What was to her a perfectly sensible question brought smiles and outright laughter all around the huge Ostin dinner table. The reaction startled her so much that she simply failed to comprehend it for a moment. No one had ever laughed at her in Ambrai.
But then, The Waste was as unlike Ambrai as a place could get.
“It’s always raining somewhere, even during Wildfire,” said Geria. As First Daughter she had special speaking privileges, but the smug superiority of her tone earned her a stern glance from Lady Lilen.
“Somewhere in the world,” Taig added, “but not here.” The sympathy in his gray eyes made Sarra’s spine stiffen, but an instant later she realized what he really meant: everything happened anywhere but The Waste.
“Geria and Taig are both correct,” said Sarra’s mother, her soft voice like the brush of polished golden silk on Sarra’s skin. “What you must remember is geography’s effect on weather.” And thus a lesson began, just as if they’d been at home seated around their own table, with Granna and Granfa and Tama and Gerrin and Mai and—and—
Sarra had been ordered never to speak of her father or sister again. But she couldn’t help thinking. Or feeling. Neither could her mother. The sound of muffled weeping still came from her room at night. Ten weeks since they’d left Ambrai, and still she wept every night. So did Sarra. At Fifteenth, long after she was supposed to be asleep, she’d tiptoe into her mother’s room and curl into her arms in the narrow bed and they’d cry each other to sleep. But Sarra always woke before dawn, in time to go back to her room and pretend she’d never left it. To be an Ambrai was to be proud; she’d learned it from Granna Allynis even if it hadn’t already been in her Blood. Be
sides, Lady Lilen would be unhappy if she knew, and it was a guest’s duty to show nothing but gratitude for hospitality. So Sarra and her mother saved their tears for late at night, and never let on to anyone that it happened. Not even to each other.

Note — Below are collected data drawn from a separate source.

(* Let $l<u$ be real, $D=[l,u]$, let $\Delta Q$ be real with $0<\Delta Q\le u-l$, and let $\epsilon\ge 0$ and $0\le\delta<1$. Let $b>0$ satisfy $$\epsilon-\log\Delta C(b)-\log(1-\delta)>0\quad\text{and}\quad b\ge \frac{\Delta Q}{\epsilon-\log\Delta C(b)-\log(1-\delta)}.$$ Then the bounded Laplace mechanism $\{W_q\mid q\in D\}$ with scale $b$ satisfies $(\epsilon,\delta)$-differential privacy, i.e. for every Borel set $A\subseteq\mathbb{R}$ and all $q,q'\in D$ with $|q-q'|\le\Delta Q$, $$\mathbb{P}(W_q\in A)\le e^{\epsilon}\,\mathbb{P}(W_{q'}\in A)+\delta.$$
   Context: For $b>0$ and $p\in D$, $C_p(b)=\int_l^u\frac{1}{2b}e^{-\frac{|x-p|}{b}}\,dx = 1-\frac12\left(e^{-\frac{p-l}{b}}+e^{-\frac{u-p}{b}}\right)$, and $\Delta C(b)=\frac{C_{l+\Delta Q}(b)}{C_l(b)}$. The bounded Laplace mechanism with scale $b$ is the family of real random variables $W_q$, $q\in D$, where $W_q$ has probability density $f_{W_q}(x)=\frac{1}{C_q(b)}\frac{1}{2b}e^{-\frac{|x-q|}{b}}$ for $x\in D$ and $f_{W_q}(x)=0$ for $x\notin D$. *)

theory Defs
  imports "HOL-Probability.Probability"
begin

definition C_bl :: "real \<Rightarrow> real \<Rightarrow> real \<Rightarrow> real \<Rightarrow> real" where
  "C_bl l u b p = (LBINT x=l..u. 1 / (2*b) * exp (- \<bar>x - p\<bar> / b))"

definition DeltaC :: "real \<Rightarrow> real \<Rightarrow> real \<Rightarrow> real \<Rightarrow> real" where
  "DeltaC l u dQ b = C_bl l u b (l + dQ) / C_bl l u b l"

definition bl_density :: "real \<Rightarrow> real \<Rightarrow> real \<Rightarrow> real \<Rightarrow> real \<Rightarrow> real" where
  "bl_density l u b q x =
     (if x \<in> {l..u} then 1 / C_bl l u b q * (1 / (2*b)) * exp (- \<bar>x - q\<bar> / b) else 0)"

text \<open>Distribution of W_q: the measure on the reals with the above density.
  P(W_q \<in> A) is measure (bl_laplace l u b q) A.\<close>
definition bl_laplace :: "real \<Rightarrow> real \<Rightarrow> real \<Rightarrow> real \<Rightarrow> real measure" where
  "bl_laplace l u b q = density lborel (\<lambda>x. ennreal (bl_density l u b q x))"

end

theory Submission
  imports Defs
begin

text \<open>The density of \<open>W\<^sub>q\<close> is at most \<open>C\<^sub>q\<^sub>'(b)/C\<^sub>q(b) \<cdot> e\<^bsup>|q-q'|/b\<^esup>\<close> times that of \<open>W\<^sub>q\<^sub>'\<close>.
  This factor is maximal at \<open>q = l\<close>, \<open>q' = l + \<Delta>Q\<close>, where it equals \<open>\<Delta>C(b) e\<^bsup>\<Delta>Q/b\<^esup>\<close>: for
  fixed distance \<open>d = q' - q\<close> the ratio \<open>C\<^bsub>q+d\<^esub>/C\<^sub>q\<close> decreases in \<open>q\<close> (\<open>C\<close> is positive and concave, hence log-concave),
  and \<open>C\<^sub>p e\<^bsup>p/b\<^esup>\<close> increases in \<open>p\<close>. The hypothesis on \<open>b\<close> says exactly that this factor is
  at most \<open>e\<^sup>\<epsilon>/(1-\<delta>)\<close>, and a probability \<open>P \<le> min 1 (e\<^sup>\<epsilon> P'/(1-\<delta>))\<close> is at most \<open>e\<^sup>\<epsilon> P' + \<delta>\<close>.\<close>

definition laplace_mass :: "real \<Rightarrow> real \<Rightarrow> real \<Rightarrow> real \<Rightarrow> real" where
  "laplace_mass l u b p = 1 - (exp (-(p-l)/b) + exp (-(u-p)/b)) / 2"

lemma C_bl_eq_laplace_mass:
  assumes b: "b > 0" and lp: "l \<le> p" and pu: "p \<le> u"
  shows "C_bl l u b p = laplace_mass l u b p"
proof -
  let ?f = "\<lambda>x. 1/(2*b) * exp (- \<bar>x-p\<bar>/b)"
  have "interval_lebesgue_integrable lborel (ereal l) (ereal u) ?f"
    by (rule interval_integrable_isCont) (use b in \<open>auto intro!: continuous_intros\<close>)
  then have split: "(LBINT x=l..u. ?f x) = (LBINT x=l..p. ?f x) + (LBINT x=p..u. ?f x)"
    by (subst interval_integral_sum[symmetric]) (use lp pu in \<open>simp_all add: min_def max_def\<close>)
  have "(LBINT x=l..p. ?f x) = (LBINT x=l..p. 1/(2*b) * exp ((x-p)/b))"
    by (rule interval_integral_cong) (use lp pu in \<open>auto simp: einterval_iff\<close>)
  also have "\<dots> = exp ((p-p)/b)/2 - exp ((l-p)/b)/2"
    by (rule interval_integral_FTC_finite)
       (use b lp in \<open>auto intro!: continuous_intros derivative_eq_intros
          simp: has_real_derivative_iff_has_vector_derivative[symmetric]\<close>)
  finally have left: "(LBINT x=l..p. ?f x) = 1/2 - exp ((l-p)/b)/2" by simp
  have "(LBINT x=p..u. ?f x) = (LBINT x=p..u. 1/(2*b) * exp (-(x-p)/b))"
    by (rule interval_integral_cong) (use lp pu in \<open>auto simp: einterval_iff\<close>)
  also have "\<dots> = (- exp (-(u-p)/b)/2) - (- exp (-(p-p)/b)/2)"
    by (rule interval_integral_FTC_finite)
       (use b pu in \<open>auto intro!: continuous_intros derivative_eq_intros
          simp: has_real_derivative_iff_has_vector_derivative[symmetric]\<close>)
  finally have right: "(LBINT x=p..u. ?f x) = 1/2 - exp (-(u-p)/b)/2" by simp
  show ?thesis
    unfolding C_bl_def laplace_mass_def split left right by (simp add: field_simps)
qed

lemma laplace_mass_pos:
  assumes "b > 0" "l < u" "l \<le> p" "p \<le> u"
  shows "laplace_mass l u b p > 0"
proof -
  define a c where "a = exp (-(p-l)/b)" and "c = exp (-(u-p)/b)"
  have "a \<le> 1" "c \<le> 1"
    unfolding a_def c_def using assms by (auto simp: divide_nonpos_pos)
  moreover have "a < 1 \<or> c < 1"
    unfolding a_def c_def using assms by (cases "p = l") (auto simp: divide_neg_pos)
  ultimately have "a + c < 2" by auto
  then show ?thesis unfolding laplace_mass_def a_def c_def by simp
qed

lemma laplace_mass_reflect: "laplace_mass l u b (l + u - p) = laplace_mass l u b p"
  unfolding laplace_mass_def by (simp add: algebra_simps)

“. . . so we must be very cautious about our use of water here,” her mother was saying. Sarra nodded, listening with half her mind—alert as most people’s full attention—while unruly memory spun pictures.

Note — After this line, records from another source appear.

(* Let $n\ge2$, let $\lambda_1,\dots,\lambda_n\in\mathbb{C}^*$ (not necessarily distinct), and let $1\le s\le n$ be such that $\lambda=(\lambda_1,\dots,\lambda_n)$ has only level $s$ resonances. Suppose there exists a strictly increasing sequence of integers $(p_\nu)_{\nu\ge0}$ with $p_0=1$ such that $\sum_{\nu\ge0}p_\nu^{-1}\log\omega_s(p_{\nu+1})^{-1}<\infty$ (i.e. $\lambda$ satisfies the partial Brjuno condition of order $s$), and that there exist $k\in\mathbb{N}$ and $\alpha\ge1$ such that $p_\nu>k$ implies $\tilde\omega(p_\nu-k)\ge\omega_s(p_\nu)^\alpha$. Then $\lambda$ satisfies the reduced Brjuno condition.
   Context: For $k\in\mathbb{N}^n$, $|k|=k_1+\cdots+k_n$ and $\lambda^k=\lambda_1^{k_1}\cdots\lambda_n^{k_n}$. For $m\ge2$: $\omega_s(m)=\min_{2\le|k|\le m}\min_{1\le j\le n}|\underline\lambda^k-\lambda_j|$, where $k$ ranges over $\mathbb{N}^s$ and $\underline\lambda^k=\lambda_1^{k_1}\cdots\lambda_s^{k_s}$; and $\tilde\omega(m)=\min_{1\le j\le n}\min\{|\lambda^k-\lambda_j| : k\in\mathbb{N}^n,\ 2\le|k|\le m,\ \lambda^k\ne\lambda_j\}$. The reduced Brjuno condition: there is a strictly increasing sequence of integers $(q_\nu)_{\nu\ge0}$ with $q_0=1$ and $\sum_{\nu\ge0}q_\nu^{-1}\log\tilde\omega(q_{\nu+1})^{-1}<\infty$. Only level $s$ resonances: writing $\lambda=(\lambda_1,\dots,\lambda_s,\mu_1,\dots,\mu_r)$ with $r=n-s$, for every $k\in\mathbb{N}^n$ with $|k|\ge 2$: there is $h\in\{1,\dots,s\}$ with $\lambda^k=\lambda_h$ iff $k\in\tilde K_1$, and there is $j\in\{1,\dots,r\}$ with $\lambda^k=\mu_j$ iff $k\in\tilde K_2$, where $\tilde K_1=\{k: |k|\ge2,\ k_1+\cdots+k_s=1,\ \mu_1^{k_{s+1}}\cdots\mu_r^{k_n}=1\}$ and $\tilde K_2=\{k: |k|\ge 2,\ k_1=\cdots=k_s=0,\ \exists j\text{ with }\mu_1^{k_{s+1}}\cdots\mu_r^{k_n}=\mu_j\}$. *)

theory Defs
  imports Complex_Main
begin

text \<open>Eigenvalues are lam 1, ..., lam n (1-based). Multi-indices in N^m are
functions k :: nat => nat vanishing outside {1..m}.\<close>

definition multi_idx :: "nat \<Rightarrow> (nat \<Rightarrow> nat) set" where
  "multi_idx m = {k. \<forall>i. i \<notin> {1..m} \<longrightarrow> k i = 0}"

definition mlen :: "nat \<Rightarrow> (nat \<Rightarrow> nat) \<Rightarrow> nat" where
  "mlen m k = (\<Sum>i\<in>{1..m}. k i)"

Her father. First and always, her father. Last summer, after a very public and very noisy fight followed by a very private and very tender farewell, he had gone away to Ryka Court. Maichen Ambrai explained it to her two daughters as a necessary deception. But on Wraithenday Auvry Feiran returned to Ambrai, and this time no gentleness followed the shouting. After five horrible days he claimed Glenin and took her away with him forever.
Sarra knew it was forever. She wasn’t sure how she knew it, but she did.
“You can’t! She’s my daughter, my Firstborn—”
“I can and I will, Maichen.”
“How can you do this? Have you begun to believe the pretense? What did Anniyas offer you?”
“That’s none of your concern. The Council has agreed to our divorce—”
“You mean Anniyas has! What did she promise? Do you really think she’ll let you share her power?”
“There’s more to the world than Ambrai.”
“And how much of it did you ask for, Auvry?”
“This is pointless. Stop it now, before we forget that we once loved each other. The divorce is a fact. You may keep Sarra, but Glenin is my daughter now. Mine alone.”
“No! NO!”
Listening from her perch on the ledge outside her parents’ third-floor chambers, Sarra knew with absolute certainty that she would never see her father and sister again. Frightened by the strength of the knowing, certain of its truth even as she rejected it, she climbed shakily down from her habitual secret spot and said nothing to anyone about what she knew.